Miracle Landings..Financial Praying for a Miracle

It’s almost the weekend, and there’s way too much bad news out there to fit into my wrap today, so a more general opening today, but bare with me on this one guys…..
*I remember reading an excellent article in the Economist a few years back where they satirised the opening safety announcements + “what-to-do-in-an-emergency-landing” cards provided on airlines ahead of take-off. Particularly enlightening was the fact that never in aviation history had a plane successfully landed on water without disintegrating into a thousand pieces and dooming its passengers to a similar fate – a fact that rendered obsolete the many diagrams of life-rafts inflating and life-vested passengers safely jumping off the wings into the rafts – I never felt comforted again by the safety announcements (nor saw the need for life-vests!?) after reading that article and was slightly angered that authorities somewhere had decided to mislead passengers to believe that everything would be OK if indeed a water-landing-emergency occurred when a successful landing had never before been achieved! Alas, the Economist was yesterday ridiculed by a humble 40-yr veteran US-Airways pilot in NY as he made what must be the first ever successful (and apparently remarkably smooth!) water-landing after losing both engines shortly after take-off – and every single passenger survived! And guess what, the inflatable rafts did pop-out! I didn’t see any life-vests though.
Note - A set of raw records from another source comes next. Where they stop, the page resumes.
(* Let $p$ be a prime and $f\in\mathbb{Z}_p[x]$ with $\deg f\ge 2$. If $E\subset\mathbb{Z}_p$ is a clopen $f$-invariant set such that $f:E\to E$ is minimal, then $f:E\to E$ is topologically conjugate to the adding machine $\tau:x\mapsto x+1$ on the odometer $\mathbb{Z}_{(p_s)}$, where $$(p_s)_{s\ge1}=(k,\,kd,\,kdp,\,kdp^2,\,\dots)$$ for some integers $k,d$ with $1\le k\le p$ and $d\mid (p-1)$.
   Context: For a sequence of positive integers $(p_s)_{s\ge1}$ with $p_s\mid p_{s+1}$, the odometer $\mathbb{Z}_{(p_s)}$ is the inverse limit $\varprojlim \mathbb{Z}/p_s\mathbb{Z}$ (a profinite group), and the adding machine is the map $\tau(x)=x+1$ on it. $f:E\to E$ is minimal if every orbit is dense in $E$; topological conjugacy means there is a homeomorphism $h:E\to\mathbb{Z}_{(p_s)}$ with $h\circ f=\tau\circ h$. *)

theory Defs
  imports "HOL-Analysis.Analysis" "HOL-Computational_Algebra.Primes"
begin

text \<open>Inverse limit of Z/P(s)Z (s = 0,1,2,...), realised as compatible
  sequences of residues x s in {0..<P s}, with the subspace topology of the
  product of discrete spaces (the inverse-limit topology).\<close>

definition odometer :: "(nat \<Rightarrow> nat) \<Rightarrow> (nat \<Rightarrow> nat) set" where
  "odometer P = {x. \<forall>s. x s < P s \<and> x s = x (Suc s) mod P s}"

definition odometer_top :: "(nat \<Rightarrow> nat) \<Rightarrow> (nat \<Rightarrow> nat) topology" where
  "odometer_top P = subtopology (product_topology (\<lambda>_. discrete_topology UNIV) UNIV) (odometer P)"

definition adding_machine :: "(nat \<Rightarrow> nat) \<Rightarrow> (nat \<Rightarrow> nat) \<Rightarrow> (nat \<Rightarrow> nat)" where
  "adding_machine P x = (\<lambda>s. (x s + 1) mod P s)"

definition Zp :: "nat \<Rightarrow> (nat \<Rightarrow> nat) set" where
  "Zp p = odometer (\<lambda>s. p ^ s)"

definition Zp_top :: "nat \<Rightarrow> (nat \<Rightarrow> nat) topology" where
  "Zp_top p = odometer_top (\<lambda>s. p ^ s)"

definition Zp_zero :: "nat \<Rightarrow> nat" where
  "Zp_zero = (\<lambda>s. 0)"

text \<open>Evaluation of the polynomial sum_{i<=n} c_i X^i with coefficients c_i in Z_p,
  computed levelwise modulo p^s (ring operations of Z_p are levelwise).\<close>
definition Zp_poly_eval :: "nat \<Rightarrow> nat \<Rightarrow> (nat \<Rightarrow> nat \<Rightarrow> nat) \<Rightarrow> (nat \<Rightarrow> nat) \<Rightarrow> (nat \<Rightarrow> nat)" where
  "Zp_poly_eval p n c x = (\<lambda>s. (\<Sum>i\<le>n. c i s * x s ^ i) mod p ^ s)"

definition minimal_on :: "'a topology \<Rightarrow> 'a set \<Rightarrow> ('a \<Rightarrow> 'a) \<Rightarrow> bool" where
  "minimal_on X E f \<longleftrightarrow>
     (\<forall>x\<in>E. (subtopology X E) closure_of {(f ^^ m) x | m. True} = E)"

definition top_conjugate :: "'a topology \<Rightarrow> ('a \<Rightarrow> 'a) \<Rightarrow> 'b topology \<Rightarrow> ('b \<Rightarrow> 'b) \<Rightarrow> bool" where
  "top_conjugate X f Y g \<longleftrightarrow>
     (\<exists>h. homeomorphic_map X Y h \<and> (\<forall>x\<in>topspace X. h (f x) = g (h x)))"

text \<open>The sequence (k, kd, kdp, kdp^2, ...), indexed from 0.\<close>
definition odo_seq :: "nat \<Rightarrow> nat \<Rightarrow> nat \<Rightarrow> nat \<Rightarrow> nat" where
  "odo_seq p k d s = (if s = 0 then k else k * d * p ^ (s - 1))"

end

theory Submission
  imports Defs "HOL-Number_Theory.Number_Theory" "HOL-Combinatorics.Cycles"
begin

text \<open>Fix \<open>x\<^sub>0 \<in> E\<close>. By minimality, \<open>f mod p\<^sup>s\<close> permutes the image of \<open>E\<close> in \<open>\<int>/p\<^sup>s\<close> as a single
  cycle through \<open>x\<^sub>0\<close>, of length \<open>\<ell>\<^sub>s\<close>, and \<open>\<ell>\<^sub>s\<close> divides \<open>\<ell>\<^sub>s\<^sub>+\<^sub>1\<close>. Expanding \<open>f\<close> to first order
  along the cycle gives, modulo \<open>p\<^sup>s\<^sup>+\<^sup>1\<close> and for \<open>s \<ge> 1\<close>,
  \<open>f\<^bsup>r\<ell>\<^sub>s\<^esup>(x\<^sub>0) \<equiv> x\<^sub>0 + p\<^sup>s \<alpha> (1 + M\<^sub>s + \<dots> + M\<^sub>s\<^bsup>r-1\<^esup>)\<close>, where \<open>M\<^sub>s\<close> is the product of \<open>f'\<close>
  over the cycle, taken modulo \<open>p\<close>. Hence \<open>\<ell>\<^sub>s\<^sub>+\<^sub>1 / \<ell>\<^sub>s\<close> is \<open>1\<close>, or \<open>p\<close> (when \<open>M\<^sub>s \<equiv> 1\<close>), or
  the order of \<open>M\<^sub>s\<close> modulo \<open>p\<close>, a divisor of \<open>p - 1\<close>; and \<open>M\<^sub>s\<^sub>+\<^sub>1 = M\<^sub>s\<^bsup>\<ell>\<^sub>s\<^sub>+\<^sub>1/\<ell>\<^sub>s\<^esup>\<close>.
  So with \<open>k = \<ell>\<^sub>1 \<le> p\<close> and \<open>d\<close> the order of \<open>M\<^sub>1\<close>, the periods run \<open>k, \<dots>, k, kd, kdp, kdp\<^sup>2, \<dots>\<close>,
  and they do grow because \<open>E\<close> is open. Sending \<open>x \<in> E\<close> to its positions on the level cycles
  is then a conjugacy with the adding machine on the odometer of \<open>(k, kd, kdp, \<dots>)\<close>.\<close>

section \<open>Odometers\<close>

definition dvd_chain :: "(nat \<Rightarrow> nat) \<Rightarrow> bool" where
  "dvd_chain P \<longleftrightarrow> (\<forall>s. P s dvd P (Suc s))"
*What does this have to do with anything financially related you might ask? – well, my point is that if one successful incident can override every dismal failure before it and prove authorities right for putting into place contingency plans to deal with a disaster despite being baseless (and making certain people feel a little safer again) then there is hope that the current disaster relief plans being executed by the US (and global governments) in answer to the global financial crisis, may just work and save the day – even if they haven’t worked before.
*On the financials, the once so revered now reveal themselves to be nothing more than ego-driven figures…a busy few days for once mighty global financials sees their leaders squabble like children and throw a hissy-fit (Bank of America) because the other kid (Merrill Lynch) lied when they agreed to be BFFs (Best Friends For Ever for those of us born before 1995) and other children come running back for another cookie (Citi) from the warmth of the full-laden pantry (US Govt) – once you’ve acquired a taste for something so sweet (such as having $300bn of bad-assets ring-fenced) it seems the sweet-tooth takes over. Citi will be revealing its earnings later today, with a certain calm-before-the-storm enveloping the organisation in the last 48hrs – if only our share price would enter the same state of Zen calmness. Losses expected somewhere between $6bn-10bn. JP Morgan yesterday of course showed better than consensus EPS but still suffered huge trading losses or Q4 ’08. The Bank of American bail-out ($20bn injection + $1180bn ring-fencing) may provide a clue to weekend conversations on Citi’s fate.
*Another way may be to bite the bullet as the Irish government has bitten - nationalising the “too-important-to-fail” Anglo-Irish Bank. Personally, I’m impressed the Irish have gone and done what everyone realistically thinks will happen in the end anyway – is it worth attempting to protect a seemingly lost-cause rather than admitting defeat, simply taking full govt. ownership and beginning the cleaning-up process in earnest? The sooner you start, the sooner you will finish.